Homework 3: Practice with SLR
Q1
True/False, we can always derive the estimates for the regression line slope and intercept with only summary statistics and not the granular data points.
For Q2-Q6, X
and Y
are vectors of data as in the usual regression setup.
Q2
If I multiply every Y
value by a constant a
, what happens to my estimates for the regression line? Show your derivations.
Q3
If I add a constant b
to every Y
value, what happens to my estimates for the regression line? Show your derivations.
Q4
If I multiply every X
value by a constant a
, what happens to my estimates for the regression line? Show your derivations.
Q5
If I add a constant b
to every X
value, what happens to my estimates for the regression line? Show your derivations.
Q6
Show that the sum of the residuals from SLR is always 0.
Hooke’s Experiment
The famous Hooke’s law describes the relationship between a spring’s length and the weight it’s carrying.
Weight (kg) | Length (cm) |
---|---|
0 | 439.0 |
2 | 439.12 |
4 | 439.21 |
6 | 439.31 |
8 | 439.40 |
10 | 439.50 |
Q7
What would be considered the response variable here?
Q8
Please fit a SLR to the spring data under the linear model below and report the fitted coefficients.
\[y_i = a + b * x_i + \epsilon_i\]Q9
What is your best estimate (best in terms of sum of squared error) for the length of the spring when the weight is 9 kg? Please include the units.
Q10
Calculate the standard error for the estimate in Q9?
Q11
Imagine you are working with Hooke, the physicist. He wants you to show, graphically, the relationship between the spring length and the weights along with different uncertainty values. Please create a graph with the following characteristics:
- The data points from the Hooke’s experiment as a scatter plot, weights on the x-axis, length on the y-axis.
- The axis should be labeled, with units
- The simple linear regression (SLR) line, colored as red
- For the uncertainty, we will express this as 2 blue lines (or curves) around the SLR. Choose a reasonable quantity to express the uncertainty at different weight values
x
, let’s call this choiceZ(x)
. You should make surex
is chosen in a way that covers your graph.- One blue line should be the SLR line + 2 * the
Z(x)
- One blue line should be the SLR line - 2 *
Z(x)
- One blue line should be the SLR line + 2 * the
- A legend that explains the colored lines
Wine Reviews
From Kaggle, there’s a dataset on wine ratings from WineEnthusiast. You can find it on CourseWorks under the file hw3_filtered_wine_reviews.csv
.
We are going to predict the wine ratings, i.e. the points
, based on a feature we will generate from the text.

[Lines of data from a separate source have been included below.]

(* For any graph $\Gamma$, the polygraph monoid $P(\Gamma)=IH^0(M(\Gamma))$ is strongly $E^*$-unitary.
   Context: A graph $\Gamma=(V,E)$ has vertex set $V$ and irreflexive symmetric edge relation $E$. The graph monoid $M(\Gamma)$ is presented by $\langle x_v\ (v\in V)\mid x_ux_v=x_vx_u \text{ for } (u,v)\in E\rangle$. For a right cancellative monoid $D$ and $a\in D$, $\rho_a:D\to D$, $x\mapsto xa$, is a partial bijection of $D$; $IH(D)$ is the inverse submonoid of the symmetric inverse monoid on $D$ generated by all $\rho_a$, and $IH^0(D)=IH(D)\cup\{\emptyset\}$ with the empty map as zero. An inverse monoid $S$ with zero is strongly $E^*$-unitary if there is a group $G$ and a function $\theta:S\to G^0$ ($G$ with a zero adjoined) such that $a\theta=0$ iff $a=0$, $a\theta=1$ iff $a$ is a nonzero idempotent, and $(ab)\theta=(a\theta)(b\theta)$ whenever $ab\neq 0$. *)

theory Defs
  imports "HOL-Algebra.Group"
begin

definition is_graph :: "'v set \<Rightarrow> ('v \<Rightarrow> 'v \<Rightarrow> bool) \<Rightarrow> bool" where
  "is_graph V E \<longleftrightarrow> (\<forall>u v. E u v \<longrightarrow> u \<in> V \<and> v \<in> V) \<and>
                     (\<forall>u v. E u v \<longrightarrow> E v u) \<and> (\<forall>v. \<not> E v v)"

definition swap_step :: "('v \<Rightarrow> 'v \<Rightarrow> bool) \<Rightarrow> ('v list \<times> 'v list) set" where
  "swap_step E = {(p @ [a, b] @ q, p @ [b, a] @ q) | p a b q. E a b}"

definition trace_eq :: "('v \<Rightarrow> 'v \<Rightarrow> bool) \<Rightarrow> ('v list \<times> 'v list) set" where
  "trace_eq E = (swap_step E \<union> (swap_step E)\<inverse>)\<^sup>*"

definition word_class :: "('v \<Rightarrow> 'v \<Rightarrow> bool) \<Rightarrow> 'v list \<Rightarrow> 'v list set" where
  "word_class E w = {w'. (w, w') \<in> trace_eq E}"

definition graph_monoid :: "'v set \<Rightarrow> ('v \<Rightarrow> 'v \<Rightarrow> bool) \<Rightarrow> 'v list set set" where
  "graph_monoid V E = {word_class E w | w. set w \<subseteq> V}"

definition gm_mult :: "('v \<Rightarrow> 'v \<Rightarrow> bool) \<Rightarrow> 'v list set \<Rightarrow> 'v list set \<Rightarrow> 'v list set" where
  "gm_mult E X Y = (\<Union>{word_class E (u @ w) | u w. u \<in> X \<and> w \<in> Y})"

text \<open>Partial bijections are represented as relations (sets of pairs); maps act on the
  right, so the product s t (first s, then t) is relational composition s O t, and the
  inverse is the converse relation.\<close>

definition rho :: "'v set \<Rightarrow> ('v \<Rightarrow> 'v \<Rightarrow> bool) \<Rightarrow> 'v list set
                   \<Rightarrow> ('v list set \<times> 'v list set) set" where
  "rho V E a = {(x, gm_mult E x a) | x. x \<in> graph_monoid V E}"

inductive_set IH :: "'v set \<Rightarrow> ('v \<Rightarrow> 'v \<Rightarrow> bool) \<Rightarrow> ('v list set \<times> 'v list set) set set"
  for V E where
  gen: "a \<in> graph_monoid V E \<Longrightarrow> rho V E a \<in> IH V E"
| ident: "Id_on (graph_monoid V E) \<in> IH V E"
| comp: "s \<in> IH V E \<Longrightarrow> t \<in> IH V E \<Longrightarrow> s O t \<in> IH V E"
| inv: "s \<in> IH V E \<Longrightarrow> s\<inverse> \<in> IH V E"

definition polygraph_monoid ::
  "'v set \<Rightarrow> ('v \<Rightarrow> 'v \<Rightarrow> bool) \<Rightarrow> ('v list set \<times> 'v list set) set set" where
  "polygraph_monoid V E = IH V E \<union> {{}}"

text \<open>G^0 is rendered as 'g option with None the adjoined zero.\<close>
definition strong_E_unitary_witness ::
  "'s set \<Rightarrow> ('s \<Rightarrow> 's \<Rightarrow> 's) \<Rightarrow> 's \<Rightarrow> ('g, 'm) monoid_scheme \<Rightarrow> ('s \<Rightarrow> 'g option) \<Rightarrow> bool"
  where
  "strong_E_unitary_witness S prd z G \<theta> \<longleftrightarrow>
     group G \<and>
     (\<forall>a\<in>S. \<forall>g. \<theta> a = Some g \<longrightarrow> g \<in> carrier G) \<and>
     (\<forall>a\<in>S. \<theta> a = None \<longleftrightarrow> a = z) \<and>
     (\<forall>a\<in>S. \<theta> a = Some \<one>\<^bsub>G\<^esub> \<longleftrightarrow> a \<noteq> z \<and> prd a a = a) \<and>
     (\<forall>a\<in>S. \<forall>b\<in>S. prd a b \<noteq> z \<longrightarrow>
        \<theta> (prd a b) = Some (the (\<theta> a) \<otimes>\<^bsub>G\<^esub> the (\<theta> b)))"

text \<open>The group is existentially quantified; its elements are taken of type 's list,
  which is large enough (cardinality at least max(|S|, aleph_0)) to contain an
  isomorphic copy of the subgroup generated by the image of any such theta.\<close>
definition strongly_E_star_unitary :: "'s set \<Rightarrow> ('s \<Rightarrow> 's \<Rightarrow> 's) \<Rightarrow> 's \<Rightarrow> bool" where
  "strongly_E_star_unitary S prd z \<longleftrightarrow>
     (\<exists>(G :: 's list monoid) \<theta>. strong_E_unitary_witness S prd z G \<theta>)"

end

theory Submission
  imports Defs "HOL-Algebra.Bij" "HOL-Library.Countable"
begin

text \<open>Let each vertex c act on ('v \<times> 'v) \<times> \<rat> by appending a base-3 digit on the line of
  every dependent pair containing c.  Commuting vertices act on disjoint lines, so this is an
  action of M(\<Gamma>) by permutations X \<mapsto> \<psi>(X), and it is faithful because a trace is determined
  by its projections onto pairs of dependent letters.  As \<psi> turns right multiplication into
  composition, every nonzero s in IH(M(\<Gamma>)) satisfies \<psi>(Y) = \<psi>(X) \<circ> h for all (X, Y) \<in> s and a
  unique permutation h.  The map s \<mapsto> h is multiplicative on nonzero products, and h = id
  forces s \<subseteq> Id by faithfulness; so it witnesses strong E*-unitarity.\<close>

lemma swap_step_in_context:
  assumes "(x, y) \<in> swap_step E"
  shows "(l @ x @ r, l @ y @ r) \<in> swap_step E"
proof -
  obtain p a b q where "x = p @ [a, b] @ q" "y = p @ [b, a] @ q" "E a b"
    using assms unfolding swap_step_def by blast
  then have "l @ x @ r = (l @ p) @ [a, b] @ (q @ r) \<and> l @ y @ r = (l @ p) @ [b, a] @ (q @ r) \<and> E a b"
    by simp
  then show ?thesis unfolding swap_step_def by blast
qed

lemma trace_eq_in_context:
  assumes "(x, y) \<in> trace_eq E"
  shows "(l @ x @ r, l @ y @ r) \<in> trace_eq E"
  using assms unfolding trace_eq_def
proof (induction rule: rtrancl_induct)
  case (step y z)
  then have "(l @ y @ r, l @ z @ r) \<in> swap_step E \<union> (swap_step E)\<inverse>"
    using swap_step_in_context by blast
  with step.IH show ?case by (rule rtrancl_into_rtrancl)
qed simp

lemma trace_eq_refl [simp]: "(x, x) \<in> trace_eq E"
  unfolding trace_eq_def by simp

lemma trace_eq_sym: "(x, y) \<in> trace_eq E \<Longrightarrow> (y, x) \<in> trace_eq E"
  using symD[OF sym_rtrancl[OF sym_Un_converse]] unfolding trace_eq_def .

lemma trace_eq_trans: "(x, y) \<in> trace_eq E \<Longrightarrow> (y, z) \<in> trace_eq E \<Longrightarrow> (x, z) \<in> trace_eq E"
  unfolding trace_eq_def by simp

lemma trace_eq_append:
  assumes "(u, u') \<in> trace_eq E" and "(w, w') \<in> trace_eq E"
  shows "(u @ w, u' @ w') \<in> trace_eq E"
proof -
  have "(u @ w, u' @ w) \<in> trace_eq E"
    using trace_eq_in_context[OF assms(1), of "[]" w] by simp
  moreover have "(u' @ w, u' @ w') \<in> trace_eq E"
    using trace_eq_in_context[OF assms(2), of u' "[]"] by simp
  ultimately show ?thesis by (rule trace_eq_trans)
qed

To create our feature, here is a list of some common adjectives for wine: “fruit”, “aromas”, “acidity”, “finish”, “tannins”, “cherry”, “black”, “ripe”, “red”, “rich”, “fresh”, “oak”, “spice”, “dry”, “berry”, “full”, “plum”, “apple”, “soft”, “sweet”.
Q12
Choose 10 adjectives randomly from the list above using a pseudo-random number generator like sample()
in R and report which adjectives you got. (In real life, this could be a good baseline against expert marketers).

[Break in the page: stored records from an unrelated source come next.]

(* Let $S^1\times S^2=\{(\theta,x)\in S^1\times D^3:|x|=1\}=\partial(S^1\times D^3)$, where $D^3$ is the closed unit ball, and let $i:S^1\times S^2\to S^1\times D^3$ be the inclusion. Then there exist contact forms $\lambda_A$ and $\lambda_B$ on $S^1\times S^2$ with $d\lambda_A=i^*\omega_A$ and $d\lambda_B=i^*\omega_B$.
   Context: Coordinates: $\theta\in\mathbb{R}/2\pi\mathbb{Z}$, $x=(x_1,x_2,x_3)\in D^3$. $\omega_A=x_1(d\theta\, dx_1+dx_2\, dx_3)+x_2(d\theta\, dx_2+dx_3\, dx_1)-2x_3(d\theta\, dx_3+dx_1\, dx_2)$ on $S^1\times D^3$. $\omega_B$ is the 2-form on the mapping torus $([0,2\pi]\times D^3)/\sim$ (diffeomorphic to $S^1\times D^3$, with boundary $S^1\times S^2$) obtained from the same expression $x_1(d\theta\, dx_1+dx_2\, dx_3)+x_2(d\theta\, dx_2+dx_3\, dx_1)-2x_3(d\theta\, dx_3+dx_1\, dx_2)$ on $[0,2\pi]\times D^3$ by gluing $\{2\pi\}\times D^3$ to $\{0\}\times D^3$ via $\phi(2\pi,x_1,x_2,x_3)=(0,x_1,-x_2,-x_3)$, which satisfies $\phi^*\omega=\omega$; for $\omega_B$, $S^1\times S^2$ denotes the boundary of this mapping torus. *)

theory Defs
  imports "HOL-Analysis.Analysis"
begin

text \<open>Ambient coordinates: a point is a pair (theta, x) with theta real and x in R^3.
  S^1 x D^3 is covered by R x D^3 (theta modulo 2 pi).  Differential forms are
  represented on the ambient space R x R^3; a 1-form lambda = sum c_j dy_j is given by
  its coefficient field c, via lambda_p(u) = c p \<bullet> u.\<close>

fun Ck :: "nat \<Rightarrow> ('a::euclidean_space \<Rightarrow> real) \<Rightarrow> bool" where
  "Ck 0 f = continuous_on UNIV f"
| "Ck (Suc k) f = (f differentiable_on UNIV \<and>
      (\<forall>i\<in>Basis. Ck k (\<lambda>x. frechet_derivative f (at x) i)))"

definition smooth_fun :: "('a::euclidean_space \<Rightarrow> real) \<Rightarrow> bool" where
  "smooth_fun f = (\<forall>k. Ck k f)"

definition smooth_field :: "('a::euclidean_space \<Rightarrow> 'b::euclidean_space) \<Rightarrow> bool" where
  "smooth_field c = (\<forall>b\<in>Basis. smooth_fun (\<lambda>p. c p \<bullet> b))"

type_synonym pt = "real \<times> (real^3)"

definition d_form :: "(pt \<Rightarrow> pt) \<Rightarrow> pt \<Rightarrow> pt \<Rightarrow> pt \<Rightarrow> real" where
  "d_form c p u v = frechet_derivative c (at p) u \<bullet> v - frechet_derivative c (at p) v \<bullet> u"

text \<open>The 2-form
  x1(d\<theta> dx1+dx2 dx3)+x2(d\<theta> dx2+dx3 dx1)-2x3(d\<theta> dx3+dx1 dx2),
  with (\<alpha>\<and>\<beta>)(u,v) = \<alpha>(u)\<beta>(v) - \<alpha>(v)\<beta>(u).\<close>
definition omega :: "pt \<Rightarrow> pt \<Rightarrow> pt \<Rightarrow> real" where
  "omega p u v = (let x = snd p; a = fst u; U = snd u; b = fst v; V = snd v in
      x$1 * ((a * V$1 - b * U$1) + (U$2 * V$3 - U$3 * V$2))
    + x$2 * ((a * V$2 - b * U$2) + (U$3 * V$1 - U$1 * V$3))
    - 2 * x$3 * ((a * V$3 - b * U$3) + (U$1 * V$2 - U$2 * V$1)))"

definition bdry_pt :: "pt \<Rightarrow> bool" where
  "bdry_pt p \<longleftrightarrow> norm (snd p) = 1"

definition tangent :: "pt \<Rightarrow> pt \<Rightarrow> bool" where
  "tangent p u \<longleftrightarrow> snd u \<bullet> snd p = 0"

text \<open>d(i^* lambda) = i^* omega on S^1 x S^2.\<close>
definition primitive_on_bdry :: "(pt \<Rightarrow> pt) \<Rightarrow> (pt \<Rightarrow> pt \<Rightarrow> pt \<Rightarrow> real) \<Rightarrow> bool" where
  "primitive_on_bdry c w \<longleftrightarrow> (\<forall>p u v. bdry_pt p \<longrightarrow> tangent p u \<longrightarrow> tangent p v \<longrightarrow>
       d_form c p u v = w p u v)"

text \<open>Contact condition: i^* lambda \<and> d(i^* lambda) is nowhere zero on S^1 x S^2.\<close>
definition contact_on_bdry :: "(pt \<Rightarrow> pt) \<Rightarrow> bool" where
  "contact_on_bdry c \<longleftrightarrow> (\<forall>p. bdry_pt p \<longrightarrow> (\<exists>u v w. tangent p u \<and> tangent p v \<and> tangent p w \<and>
       (c p \<bullet> u) * d_form c p v w + (c p \<bullet> v) * d_form c p w u
       + (c p \<bullet> w) * d_form c p u v \<noteq> 0))"

text \<open>Forms on S^1 x D^3: invariant under theta \<mapsto> theta + 2 pi.\<close>
definition periodic_A :: "(pt \<Rightarrow> pt) \<Rightarrow> bool" where
  "periodic_A c \<longleftrightarrow> (\<forall>t x. c (t + 2 * pi, x) = c (t, x))"

text \<open>Mapping torus: deck transformation T(theta,x) = (theta - 2 pi, phi x),
  phi(x1,x2,x3) = (x1,-x2,-x3); forms on the mapping torus are T-invariant forms.\<close>
definition phi3 :: "real^3 \<Rightarrow> real^3" where
  "phi3 x = vector [x$1, - x$2, - x$3]"

definition deckB :: "pt \<Rightarrow> pt" where
  "deckB p = (fst p - 2 * pi, phi3 (snd p))"

definition invariant_B :: "(pt \<Rightarrow> pt) \<Rightarrow> bool" where
  "invariant_B c \<longleftrightarrow> (\<forall>p u. c (deckB p) \<bullet> (fst u, phi3 (snd u)) = c p \<bullet> u)"

end

theory Submission
  imports Defs
begin

(* The 2-form omega is exact on all of R x R^3, with the explicit primitive
     lambda = (2 x3^2 - x1^2 - x2^2)/2 d\<theta> + x3 (x2 dx1 - x1 dx2),
   whose coefficients are polynomials in x alone and are unchanged by
   (x1, x2, x3) \<mapsto> (x1, -x2, -x3).  Hence the one form lambda descends both to
   S^1 x D^3 and to the mapping torus, and serves as lambda_A and lambda_B.
   On the boundary, for a tangent vector V = x \<times> e of the sphere, the 3-form
   lambda \<and> d lambda evaluated on (\<partial>\<theta>, V, x \<times> V) equals -|V|^2 N(x)/2 with
   N(x) = (x1^2 + x2^2 - 2 x3^2)^2 + 6 x3^2 (x1^2 + x2^2), which is positive for
   x \<noteq> 0; some coordinate axis e makes V nonzero. *)

unbundle cross3_syntax

lemma real_polynomial_function_has_derivative:
  fixes f :: "'a::real_normed_vector \<Rightarrow> real"
  assumes "real_polynomial_function f"
  shows "\<exists>f'. (\<forall>x. (f has_derivative f' x) (at x)) \<and> (\<forall>u. real_polynomial_function (\<lambda>x. f' x u))"
  using assms
proof (induction f rule: real_polynomial_function.induct)
  case (linear f)
  then show ?case
    by (intro exI[of _ "\<lambda>x. f"]) (auto intro: bounded_linear_imp_has_derivative)
next
  case (const c)
  then show ?case
    by (intro exI[of _ "\<lambda>x u. 0"]) auto
next
  case (add f g)
  then obtain f' g' where "\<forall>x. (f has_derivative f' x) (at x)" "\<forall>x. (g has_derivative g' x) (at x)"
    "\<forall>u. real_polynomial_function (\<lambda>x. f' x u)" "\<forall>u. real_polynomial_function (\<lambda>x. g' x u)"
    by blast
  then show ?case
    by (intro exI[of _ "\<lambda>x u. f' x u + g' x u"]) (auto intro: has_derivative_add)
next
  case (mult f g)
  then obtain f' g' where "\<forall>x. (f has_derivative f' x) (at x)" "\<forall>x. (g has_derivative g' x) (at x)"
    "\<forall>u. real_polynomial_function (\<lambda>x. f' x u)" "\<forall>u. real_polynomial_function (\<lambda>x. g' x u)"
    by blast
  with mult.hyps show ?case
    by (intro exI[of _ "\<lambda>x u. f x * g' x u + f' x u * g x"])
       (simp add: has_derivative_mult real_polynomial_function.intros(3,4))
qed

lemma real_polynomial_function_frechet_derivative:
  fixes f :: "'a::real_normed_vector \<Rightarrow> real"
  assumes "real_polynomial_function f"
  shows "real_polynomial_function (\<lambda>x. frechet_derivative f (at x) u)"
proof -
  obtain f' where f': "\<And>x. (f has_derivative f' x) (at x)" "real_polynomial_function (\<lambda>x. f' x u)"
    using real_polynomial_function_has_derivative[OF assms] by blast
  have "frechet_derivative f (at x) = f' x" for x
    using frechet_derivative_at[OF f'(1)] by simp
  with f'(2) show ?thesis
    by simp
qed

lemma real_polynomial_function_Ck:
  fixes f :: "'a::euclidean_space \<Rightarrow> real"
  shows "real_polynomial_function f \<Longrightarrow> Ck k f"
proof (induction k arbitrary: f)
  case 0
  then show ?case
    by (simp add: continuous_on_polymonial_function real_polynomial_function_eq)
next
  case (Suc k)
  then show ?case
    by (simp add: differentiable_on_real_polynomial_function real_polynomial_function_frechet_derivative)
qed

lemma smooth_field_polynomial_function:
  fixes c :: "'a::euclidean_space \<Rightarrow> 'b::euclidean_space"
  assumes "polynomial_function c"
  shows "smooth_field c"
  using assms
  by (simp add: smooth_field_def smooth_fun_def polynomial_function_iff_Basis_inner real_polynomial_function_Ck)

lemma has_derivative_vector3:
  assumes "(f1 has_derivative f1') F" "(f2 has_derivative f2') F" "(f3 has_derivative f3') F"
  shows "((\<lambda>x. vector [f1 x, f2 x, f3 x] :: real^3) has_derivative (\<lambda>h. vector [f1' h, f2' h, f3' h])) F"
proof -
  have vector3_eq: "vector [a, b, c] = a *\<^sub>R axis 1 1 + b *\<^sub>R axis 2 1 + c *\<^sub>R (axis 3 1 :: real^3)" for a b c
    by (simp add: vec_eq_iff forall_3 axis_def)
  show ?thesis
    unfolding vector3_eq by (intro derivative_intros assms)
qed

definition omega_primitive :: "pt \<Rightarrow> pt" where
  "omega_primitive p = (let x = snd p in
     ((2 * x$3^2 - x$1^2 - x$2^2) / 2, vector [x$2 * x$3, - x$1 * x$3, 0]))"

lemma inner_omega_primitive:
  "omega_primitive p \<bullet> u =
     (2 * snd p$3^2 - snd p$1^2 - snd p$2^2) / 2 * fst u
     + snd p$2 * snd p$3 * snd u$1 - snd p$1 * snd p$3 * snd u$2"
  by (simp add: omega_primitive_def Let_def inner_prod_def inner_vec_def sum_3)

lemma polynomial_function_omega_primitive: "polynomial_function omega_primitive"
proof -
  have coordinate: "real_polynomial_function (\<lambda>p::pt. snd p $ i)" for i
    using bounded_linear_compose[OF bounded_linear_vec_nth bounded_linear_snd]
    by (auto simp: o_def)
  show ?thesis
    unfolding polynomial_function_iff_Basis_inner inner_omega_primitive
    by (simp add: coordinate real_polynomial_function_diff real_polynomial_function_divide
        real_polynomial_function_power real_polynomial_function.intros(2-4))
qed

lemma omega_primitive_has_derivative:
  "(omega_primitive has_derivative
     (\<lambda>u. (2 * snd p$3 * snd u$3 - snd p$1 * snd u$1 - snd p$2 * snd u$2,
           vector [snd u$2 * snd p$3 + snd p$2 * snd u$3, - (snd u$1 * snd p$3 + snd p$1 * snd u$3), 0])))
   (at p)"
proof -
  have coordinate: "((\<lambda>p::pt. snd p $ i) has_derivative (\<lambda>u. snd u $ i)) (at p)" for i
    using bounded_linear_compose[OF bounded_linear_vec_nth bounded_linear_snd]
    by (auto simp: o_def intro: bounded_linear_imp_has_derivative)
  show ?thesis
    unfolding omega_primitive_def Let_def
    by (rule derivative_eq_intros has_derivative_vector3 coordinate refl ext | simp add: field_simps)+
qed

lemma d_form_omega_primitive: "d_form omega_primitive p u v = omega p u v"
  unfolding d_form_def frechet_derivative_at[OF omega_primitive_has_derivative, symmetric] omega_def Let_def
  by (simp add: inner_prod_def inner_vec_def sum_3 algebra_simps)

lemma periodic_A_omega_primitive: "periodic_A omega_primitive"
  by (simp add: periodic_A_def omega_primitive_def)

lemma invariant_B_omega_primitive: "invariant_B omega_primitive"
  by (simp add: invariant_B_def inner_omega_primitive deckB_def phi3_def)

definition contact_density :: "real^3 \<Rightarrow> real" where
  "contact_density x = (x$1^2 + x$2^2 - 2 * x$3^2)^2 + 6 * x$3^2 * (x$1^2 + x$2^2)"

lemma contact_density_pos:
  assumes "x \<noteq> 0"
  shows "0 < contact_density x"
proof (rule ccontr)
  assume "\<not> 0 < contact_density x"
  moreover have "0 \<le> (x$1^2 + x$2^2 - 2 * x$3^2)^2" and "0 \<le> x$3^2 * (x$1^2 + x$2^2)"
    by simp_all
  ultimately have "(x$1^2 + x$2^2 - 2 * x$3^2)^2 = 0" and "x$3^2 * (x$1^2 + x$2^2) = 0"
    unfolding contact_density_def by linarith+
  then have "x$1^2 + x$2^2 = 2 * x$3^2" and "x$3 = 0 \<or> x$1^2 + x$2^2 = 0"
    by simp_all
  then have "x$1 = 0 \<and> x$2 = 0 \<and> x$3 = 0"
    by (auto simp: sum_power2_eq_zero_iff)
  with assms show False
    by (simp add: vec_eq_iff forall_3)
qed

lemma omega_primitive_wedge_omega_cross:
  fixes x e :: "real^3"
  defines "V \<equiv> x \<times> e"
  shows "(omega_primitive (t, x) \<bullet> (1, 0)) * omega (t, x) (0, V) (0, x \<times> V)
       + (omega_primitive (t, x) \<bullet> (0, V)) * omega (t, x) (0, x \<times> V) (1, 0)
       + (omega_primitive (t, x) \<bullet> (0, x \<times> V)) * omega (t, x) (1, 0) (0, V)
       = - (V \<bullet> V) * contact_density x / 2"
  unfolding V_def inner_omega_primitive omega_def contact_density_def Let_def
  by (simp add: cross_components inner_vec_def sum_3 field_simps power2_eq_square)

lemma contact_on_bdry_omega_primitive: "contact_on_bdry omega_primitive"
  unfolding contact_on_bdry_def d_form_omega_primitive
proof (intro allI impI)
  fix p :: pt
  assume "bdry_pt p"
  obtain t x where p: "p = (t, x)"
    by fastforce
  with \<open>bdry_pt p\<close> have "x \<noteq> 0"
    by (auto simp: bdry_pt_def)
  then obtain e where "x \<times> e \<noteq> 0"
    using cross_basis_nonzero by blast
  define V where "V = x \<times> e"
  have tangent: "tangent p (1, 0)" "tangent p (0, V)" "tangent p (0, x \<times> V)"
    by (simp_all add: tangent_def p V_def dot_cross_self inner_commute)
  have "0 < V \<bullet> V"
    using \<open>x \<times> e \<noteq> 0\<close> by (simp add: V_def)
  with contact_density_pos[OF \<open>x \<noteq> 0\<close>]
  have "(omega_primitive p \<bullet> (1, 0)) * omega p (0, V) (0, x \<times> V)
       + (omega_primitive p \<bullet> (0, V)) * omega p (0, x \<times> V) (1, 0)
       + (omega_primitive p \<bullet> (0, x \<times> V)) * omega p (1, 0) (0, V) \<noteq> 0"
    unfolding p V_def omega_primitive_wedge_omega_cross by simp
  with tangent show "\<exists>u v w. tangent p u \<and> tangent p v \<and> tangent p w \<and>
      (omega_primitive p \<bullet> u) * omega p v w + (omega_primitive p \<bullet> v) * omega p w u
      + (omega_primitive p \<bullet> w) * omega p u v \<noteq> 0"
    by blast
qed

theorem mainTheorem7:
  shows "(\<exists>cA. smooth_field cA \<and> periodic_A cA \<and> contact_on_bdry cA \<and> primitive_on_bdry cA omega)
       \<and> (\<exists>cB. smooth_field cB \<and> invariant_B cB \<and> contact_on_bdry cB \<and> primitive_on_bdry cB omega)"
proof -
  have "smooth_field omega_primitive"
    by (rule smooth_field_polynomial_function[OF polynomial_function_omega_primitive])
  moreover have "primitive_on_bdry omega_primitive omega"
    by (simp add: primitive_on_bdry_def d_form_omega_primitive)
  ultimately show ?thesis
    using periodic_A_omega_primitive invariant_B_omega_primitive contact_on_bdry_omega_primitive
    by blast
qed

end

Now process each of the description
values:
- Lowercase all characters
- Replace all non-alphabetical characters with a space (hint:
gsub('[^a-zA-Z]+', ' ', "H0l1o")
) - Split the entire string by spaces You should end up with a single vector of character values for each wine where each element is a word (typos may exist).
Let’s create a feature for wine that equals to the total count of the chosen 10 keywords within the description. For example, if my words are ["finish", "fresh"]
, and the description is “This wine has a dry finish with fresh aromas.”, Then the feature for this wine would be 2.
Q13
Now fit the linear regression by fitting points
to this new feature. Report the coefficients you get for your regression line.
Q14
Your team about to launch some marketing description of their new wine. You, unfortunately, was given the task to predict the points
of the new wine will receive from WineEnthusiast. What is your prediction if the count is 3
?
Q15
Now your boss wants to communicate out your prediction to the marketing team, which uncertainty should you report on your prediction for the new wine? Please report this in terms of an interval.
Q16
Please comment on why the uncertainty you chose for Q11 and Q15 are the same or different.